━━ RAW DATA

lemma inv_nhds_one_T:
  assumes "openin T V" "\<one> \<in> V"
  obtains A where "openin T A" "\<one> \<in> A" "\<And>a. a \<in> A \<Longrightarrow> inv a \<in> V"
proof -
  have "openin T {a \<in> topspace T. inv a \<in> V}"
    using continuous_map_inv_T assms(1) unfolding continuous_map_def by blast
  moreover have "\<one> \<in> {a \<in> topspace T. inv a \<in> V}"
    using assms(2) one_in_H topspace_T by simp
  ultimately show ?thesis
    using that by blast
qed

lemma continuous_map_mult:
  "continuous_map (prod_topology extended_topology extended_topology) extended_topology
     (\<lambda>(x, y). x \<otimes> y)"
  unfolding continuous_map_def topspace_prod_topology topspace_extended_topology
proof (intro conjI allI impI)
  show "(\<lambda>(x, y). x \<otimes> y) \<in> carrier G \<times> carrier G \<rightarrow> carrier G"
    by auto
  fix U assume U: "openin extended_topology U"
  show "openin (prod_topology extended_topology extended_topology)
          {p \<in> carrier G \<times> carrier G. (case p of (x, y) \<Rightarrow> x \<otimes> y) \<in> U}"
    unfolding openin_prod_topology_alt
  proof (intro allI impI)
    fix x y assume "(x, y) \<in> {p \<in> carrier G \<times> carrier G. (case p of (x, y) \<Rightarrow> x \<otimes> y) \<in> U}"
    then have x: "x \<in> carrier G" and y: "y \<in> carrier G" and xyU: "x \<otimes> y \<in> U"
      by auto
    obtain A B where AB: "openin T A" "openin T B" "\<one> \<in> A" "\<one> \<in> B"
        and ABU: "\<And>a b. a \<in> A \<Longrightarrow> b \<in> B \<Longrightarrow> a \<otimes> b \<in> {h\<in>H. (x \<otimes> y) \<otimes> h \<in> U}"
      using mult_nhds_one_T[OF openin_T_trace_at[OF U xyU]] by blast
    have AH: "A \<subseteq> H" "B \<subseteq> H"
      using AB(1,2) openin_subset topspace_T by blast+
    show "\<exists>U' V'. openin extended_topology U' \<and> openin extended_topology V' \<and>
        x \<in> U' \<and> y \<in> V' \<and>
        U' \<times> V' \<subseteq> {p \<in> carrier G \<times> carrier G. (case p of (x, y) \<Rightarrow> x \<otimes> y) \<in> U}"
    proof (intro exI conjI)
      show "openin extended_topology ((\<lambda>a. x \<otimes> a) ` A)"
           "openin extended_topology ((\<lambda>b. y \<otimes> b) ` B)"
        using openin_translation_image x y AB by auto
      show "x \<in> (\<lambda>a. x \<otimes> a) ` A" "y \<in> (\<lambda>b. y \<otimes> b) ` B"
        using x y AB by (auto intro!: image_eqI[where x = \<one>])
      show "(\<lambda>a. x \<otimes> a) ` A \<times> (\<lambda>b. y \<otimes> b) ` B
          \<subseteq> {p \<in> carrier G \<times> carrier G. (case p of (x, y) \<Rightarrow> x \<otimes> y) \<in> U}"
      proof (rule subsetI)
        fix p assume "p \<in> (\<lambda>a. x \<otimes> a) ` A \<times> (\<lambda>b. y \<otimes> b) ` B"
        then obtain a b where ab: "a \<in> A" "b \<in> B" and p: "p = (x \<otimes> a, y \<otimes> b)"
          by blast
        then have a: "a \<in> carrier G" and b: "b \<in> carrier G"
          using AH subgroup_subset by auto
        have "(x \<otimes> a) \<otimes> (y \<otimes> b) = (x \<otimes> y) \<otimes> (a \<otimes> b)"
          using x y a b by (simp add: m_ac)
        with ABU[OF ab] x y a b p
        show "p \<in> {p \<in> carrier G \<times> carrier G. (case p of (x, y) \<Rightarrow> x \<otimes> y) \<in> U}"
          by simp
      qed
    qed
  qed
qed
lemma cut_provR_provL: "\<Gamma> \<Vdash> A \<Longrightarrow> \<Delta> \<turnstile> T \<Longrightarrow> \<Delta> \<subseteq> insert A \<Gamma> \<Longrightarrow> \<Gamma> \<turnstile> T"
proof (induction "size A" arbitrary: A \<Gamma> \<Delta> T rule: less_induct)
  case less
  have below: "cut_admissible_below (size A)"
    unfolding cut_admissible_below_def using less.hyps by blast
  from less.prems(2,3,1) show ?case
  proof (induction arbitrary: \<Gamma> rule: provL.induct)
    case (r \<Delta> T)
    then show ?case using cut_provR by blast
  next
    case (lp M N \<Delta> T)
    show ?case
      by (rule cut_decompose_left[of Pair, OF _ below lp.prems(2,1) lp.hyps(1) _ lp.hyps(2) lp.IH])
        simp_all
  next
    case (le M K \<Delta> N)
    show ?case
      by (rule cut_decompose_left[of Enc, OF _ below le.prems(2,1) le.hyps(1) _ le.hyps(3) le.IH])
        (simp_all add: le.hyps(2))
  next
    case (sign M K L \<Delta> N)
    show ?case
      by (rule cut_sign_left[OF below sign.prems(2,1) sign.hyps(2,1,3) sign.IH])
  next
    case (blind1 M K \<Delta> N)
    show ?case
      by (rule cut_decompose_left[of Blind, OF _ below blind1.prems(2,1) blind1.hyps(1) _
            blind1.hyps(3) blind1.IH]) (simp_all add: blind1.hyps(2))
  next
    case (blind2 M Rr K \<Delta> N)
    show ?case
      by (rule cut_unblind_left[OF below blind2.prems(2,1) blind2.hyps blind2.IH])
  next
    case (ls \<Delta> T A')
    show ?case
      by (rule cut_guarded_subterm[OF below ls.prems(2,1) ls.hyps(2-4) ls.IH])
  qed
qed

lemma provL_cut_weaken: "\<Delta> \<turnstile> A \<Longrightarrow> insert A \<Gamma> \<turnstile> T \<Longrightarrow> \<Gamma> \<subseteq> \<Delta> \<Longrightarrow> insert A \<Delta> \<turnstile> T"
  by (meson provL_mono provL_seq_ok seq_ok_iff hyps_ok_insert insert_mono)

lemma provL_cut_seq_ok: "\<Delta> \<turnstile> A \<Longrightarrow> insert A \<Delta> \<turnstile> T \<Longrightarrow> seq_ok ar pl R \<Delta> T"
  by (meson provL_seq_ok seq_ok_iff)
(* Let $n\ge1$, $\alpha,\gamma,\beta_1,\dots,\beta_n\in\widehat{\mathbb{F}_q^\times}$, and $i\in\{0,1,\dots,n-1\}$. (i) If $\beta_{i+1}\cdots\beta_n\neq\varepsilon$, then for $\lambda_1,\dots,\lambda_i,x\in\mathbb{F}_q$, $$F_D^{(n)}\!\left({\alpha;\beta_1,\dots,\beta_n\atop\gamma};\lambda_1,\dots,\lambda_i,x,\dots,x\right)=F_D^{(i+1)}\!\left({\alpha;\beta_1,\dots,\beta_i,\beta_{i+1}\cdots\beta_n\atop\gamma};\lambda_1,\dots,\lambda_i,x\right).$$ In particular, if $\beta_1\cdots\beta_n\neq\varepsilon$, then $F_D^{(n)}\!\left({\alpha;\beta_1,\dots,\beta_n\atop\gamma};x,\dots,x\right)={}_2F_1\!\left({\alpha,\beta_1\cdots\beta_n\atop\gamma};x\right)$. (ii) If $\beta_{i+1}\cdots\beta_n\notin\{\varepsilon,\overline{\alpha}\gamma\}$, then for $\lambda_1,\dots,\lambda_i\in\mathbb{F}_q$, $$F_D^{(n)}\!\left({\alpha;\beta_1,\dots,\beta_n\atop\gamma};\lambda_1,\dots,\lambda_i,1,\dots,1\right)=\frac{g^\circ(\gamma)\,g(\overline{\alpha\beta_{i+1}\cdots\beta_n}\gamma)}{g^\circ(\overline{\alpha}\gamma)\,g^\circ(\overline{\beta_{i+1}\cdots\beta_n}\gamma)}F_D^{(i)}\!\left({\alpha;\beta_1,\dots,\beta_i\atop\overline{\beta_{i+1}\cdots\beta_n}\gamma};\lambda_1,\dots,\lambda_i\right).$$ In particular, if $\beta_1\cdots\beta_n\notin\{\varepsilon,\overline{\alpha}\gamma\}$, then $F_D^{(n)}\!\left({\alpha;\beta_1,\dots,\beta_n\atop\gamma};1,\dots,1\right)=\frac{g^\circ(\gamma)g(\overline{\alpha\beta_1\cdots\beta_n}\gamma)}{g^\circ(\overline{\alpha}\gamma)g^\circ(\overline{\beta_1\cdots\beta_n}\gamma)}$.
   Context: $\mathbb{F}_q$ is a finite field with $q$ elements. $\widehat{\mathbb{F}_q^\times}$ is the group of multiplicative characters $\mathbb{F}_q^\times\to\overline{\mathbb{Q}}^\times$, $\varepsilon$ the trivial character; every character (including $\varepsilon$) is extended by $0$ at $0$; $\overline{\eta}=\eta^{-1}$, and $\overline{\eta_1\cdots\eta_k}=(\eta_1\cdots\eta_k)^{-1}$; $\delta(\eta)=1$ if $\eta=\varepsilon$, else $0$. $\psi$ is a fixed non-trivial additive character. $g(\eta)=-\sum_{x\in\mathbb{F}_q^\times}\psi(x)\eta(x)$, $g^\circ(\eta)=q^{\delta(\eta)}g(\eta)$, $(\alpha)_\nu=g(\alpha\nu)/g(\alpha)$, $(\alpha)^\circ_\nu=g^\circ(\alpha\nu)/g^\circ(\alpha)$. For $\lambda\in\mathbb{F}_q$, ${}_2F_1\!\left({\alpha,\beta\atop\gamma};\lambda\right)=\frac{1}{1-q}\sum_{\nu}\frac{(\alpha)_\nu(\beta)_\nu}{(\varepsilon)^\circ_\nu(\gamma)^\circ_\nu}\nu(\lambda)$. Lauricella's $F_D$: for $m\ge1$ and $\lambda_j\in\mathbb{F}_q$, $F_D^{(m)}\!\left({\alpha;\beta_1,\dots,\beta_m\atop\gamma};\lambda_1,\dots,\lambda_m\right)=\frac{1}{(1-q)^m}\sum_{\nu_1,\dots,\nu_m\in\widehat{\mathbb{F}_q^\times}}\frac{(\alpha)_{\nu_1\cdots\nu_m}\prod_j(\beta_j)_{\nu_j}}{(\gamma)^\circ_{\nu_1\cdots\nu_m}\prod_j(\varepsilon)^\circ_{\nu_j}}\prod_j\nu_j(\lambda_j)$, and by convention $F_D^{(0)}=1$. *)

theory Defs
  imports Complex_Main "HOL-Library.FuncSet"
begin

text \<open>Finite field = type of class field + finite; q = card (UNIV :: 'a set).
 Character values are taken in complex numbers (an algebraic closure of Q embeds in C).
 Multiplicative characters are functions on the whole field, extended by 0 at 0.\<close>

definition mchars :: "('a::field \<Rightarrow> complex) set" where
  "mchars = {\<chi>. \<chi> 0 = 0 \<and> \<chi> 1 = 1 \<and> (\<forall>x y. \<chi> (x * y) = \<chi> x * \<chi> y)}"

definition eps :: "'a::field \<Rightarrow> complex" where
  "eps = (\<lambda>x. if x = 0 then 0 else 1)"

definition cmul :: "('a \<Rightarrow> complex) \<Rightarrow> ('a \<Rightarrow> complex) \<Rightarrow> 'a \<Rightarrow> complex" where
  "cmul \<chi> \<eta> = (\<lambda>x. \<chi> x * \<eta> x)"

definition cinv :: "('a \<Rightarrow> complex) \<Rightarrow> 'a \<Rightarrow> complex" where
  "cinv \<eta> = (\<lambda>x. inverse (\<eta> x))"

definition chprod :: "(nat \<Rightarrow> 'a::field \<Rightarrow> complex) \<Rightarrow> nat set \<Rightarrow> 'a \<Rightarrow> complex" where
  "chprod \<nu> I = (\<lambda>x. if x = 0 then 0 else (\<Prod>j\<in>I. \<nu> j x))"

definition delta :: "('a::field \<Rightarrow> complex) \<Rightarrow> nat" where
  "delta \<eta> = (if \<eta> = eps then 1 else 0)"

definition add_char :: "('a::field \<Rightarrow> complex) \<Rightarrow> bool" where
  "add_char \<psi> \<longleftrightarrow> \<psi> 0 = 1 \<and> (\<forall>x y. \<psi> (x + y) = \<psi> x * \<psi> y)"

definition gauss :: "('a::{field,finite} \<Rightarrow> complex) \<Rightarrow> ('a \<Rightarrow> complex) \<Rightarrow> complex" where
  "gauss \<psi> \<eta> = - (\<Sum>x\<in>UNIV - {0}. \<psi> x * \<eta> x)"

definition gauss0 :: "('a::{field,finite} \<Rightarrow> complex) \<Rightarrow> ('a \<Rightarrow> complex) \<Rightarrow> complex" where
  "gauss0 \<psi> \<eta> = of_nat (card (UNIV :: 'a set)) ^ delta \<eta> * gauss \<psi> \<eta>"

definition poch :: "('a::{field,finite} \<Rightarrow> complex) \<Rightarrow> ('a \<Rightarrow> complex) \<Rightarrow> ('a \<Rightarrow> complex) \<Rightarrow> complex" where
  "poch \<psi> \<alpha> \<nu> = gauss \<psi> (cmul \<alpha> \<nu>) / gauss \<psi> \<alpha>"

definition poch0 :: "('a::{field,finite} \<Rightarrow> complex) \<Rightarrow> ('a \<Rightarrow> complex) \<Rightarrow> ('a \<Rightarrow> complex) \<Rightarrow> complex" where
  "poch0 \<psi> \<alpha> \<nu> = gauss0 \<psi> (cmul \<alpha> \<nu>) / gauss0 \<psi> \<alpha>"

definition F21 :: "('a::{field,finite} \<Rightarrow> complex) \<Rightarrow> ('a \<Rightarrow> complex) \<Rightarrow> ('a \<Rightarrow> complex)
    \<Rightarrow> ('a \<Rightarrow> complex) \<Rightarrow> 'a \<Rightarrow> complex" where
  "F21 \<psi> \<alpha> \<beta> \<gamma> lam = (1 / (1 - of_nat (card (UNIV :: 'a set)))) *
     (\<Sum>\<nu>\<in>mchars. poch \<psi> \<alpha> \<nu> * poch \<psi> \<beta> \<nu> / (poch0 \<psi> eps \<nu> * poch0 \<psi> \<gamma> \<nu>) * \<nu> lam)"

text \<open>Lauricella F_D^(m): parameters beta 0..beta (m-1), arguments lam 0..lam (m-1).\<close>
definition FD :: "('a::{field,finite} \<Rightarrow> complex) \<Rightarrow> nat \<Rightarrow> ('a \<Rightarrow> complex)
    \<Rightarrow> (nat \<Rightarrow> 'a \<Rightarrow> complex) \<Rightarrow> ('a \<Rightarrow> complex) \<Rightarrow> (nat \<Rightarrow> 'a) \<Rightarrow> complex" where
  "FD \<psi> m \<alpha> \<beta> \<gamma> lam = (if m = 0 then 1 else
     (1 / (1 - of_nat (card (UNIV :: 'a set))) ^ m) *
     (\<Sum>\<nu>\<in>{..<m} \<rightarrow>\<^sub>E mchars.
        poch \<psi> \<alpha> (chprod \<nu> {..<m}) * (\<Prod>j<m. poch \<psi> (\<beta> j) (\<nu> j))
        / (poch0 \<psi> \<gamma> (chprod \<nu> {..<m}) * (\<Prod>j<m. poch0 \<psi> eps (\<nu> j)))
        * (\<Prod>j<m. \<nu> j (lam j))))"

end

theory Submission
  imports Defs "HOL-Library.Cardinality" "HOL-Algebra.Algebraic_Closure_Type"
begin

━━━━

PROBLEM TO WORK ON
In the listing above, find the line containing "case (le M K \<Delta> N)" and the line containing "by (meson provL_seq_ok seq_ok_iff)". Output them and every line between, exactly, and nothing else.

RESPONSE AREA
    case (le M K \<Delta> N)
    show ?case
      by (rule cut_decompose_left[of Enc, OF _ below le.prems(2,1) le.hyps(1) _ le.hyps(3) le.IH])
        (simp_all add: le.hyps(2))
  next
    case (sign M K L \<Delta> N)
    show ?case
      by (rule cut_sign_left[OF below sign.prems(2,1) sign.hyps(2,1,3) sign.IH])
  next
    case (blind1 M K \<Delta> N)
    show ?case
      by (rule cut_decompose_left[of Blind, OF _ below blind1.prems(2,1) blind1.hyps(1) _
            blind1.hyps(3) blind1.IH]) (simp_all add: blind1.hyps(2))
  next
    case (blind2 M Rr K \<Delta> N)
    show ?case
      by (rule cut_unblind_left[OF below blind2.prems(2,1) blind2.hyps blind2.IH])
  next
    case (ls \<Delta> T A')
    show ?case
      by (rule cut_guarded_subterm[OF below ls.prems(2,1) ls.hyps(2-4) ls.IH])
  qed
qed

lemma provL_cut_weaken: "\<Delta> \<turnstile> A \<Longrightarrow> insert A \<Gamma> \<turnstile> T \<Longrightarrow> \<Gamma> \<subseteq> \<Delta> \<Longrightarrow> insert A \<Delta> \<turnstile> T"
  by (meson provL_mono provL_seq_ok seq_ok_iff hyps_ok_insert insert_mono)

lemma provL_cut_seq_ok: "\<Delta> \<turnstile> A \<Longrightarrow> insert A \<Delta> \<turnstile> T \<Longrightarrow> seq_ok ar pl R \<Delta> T"
  by (meson provL_seq_ok seq_ok_iff)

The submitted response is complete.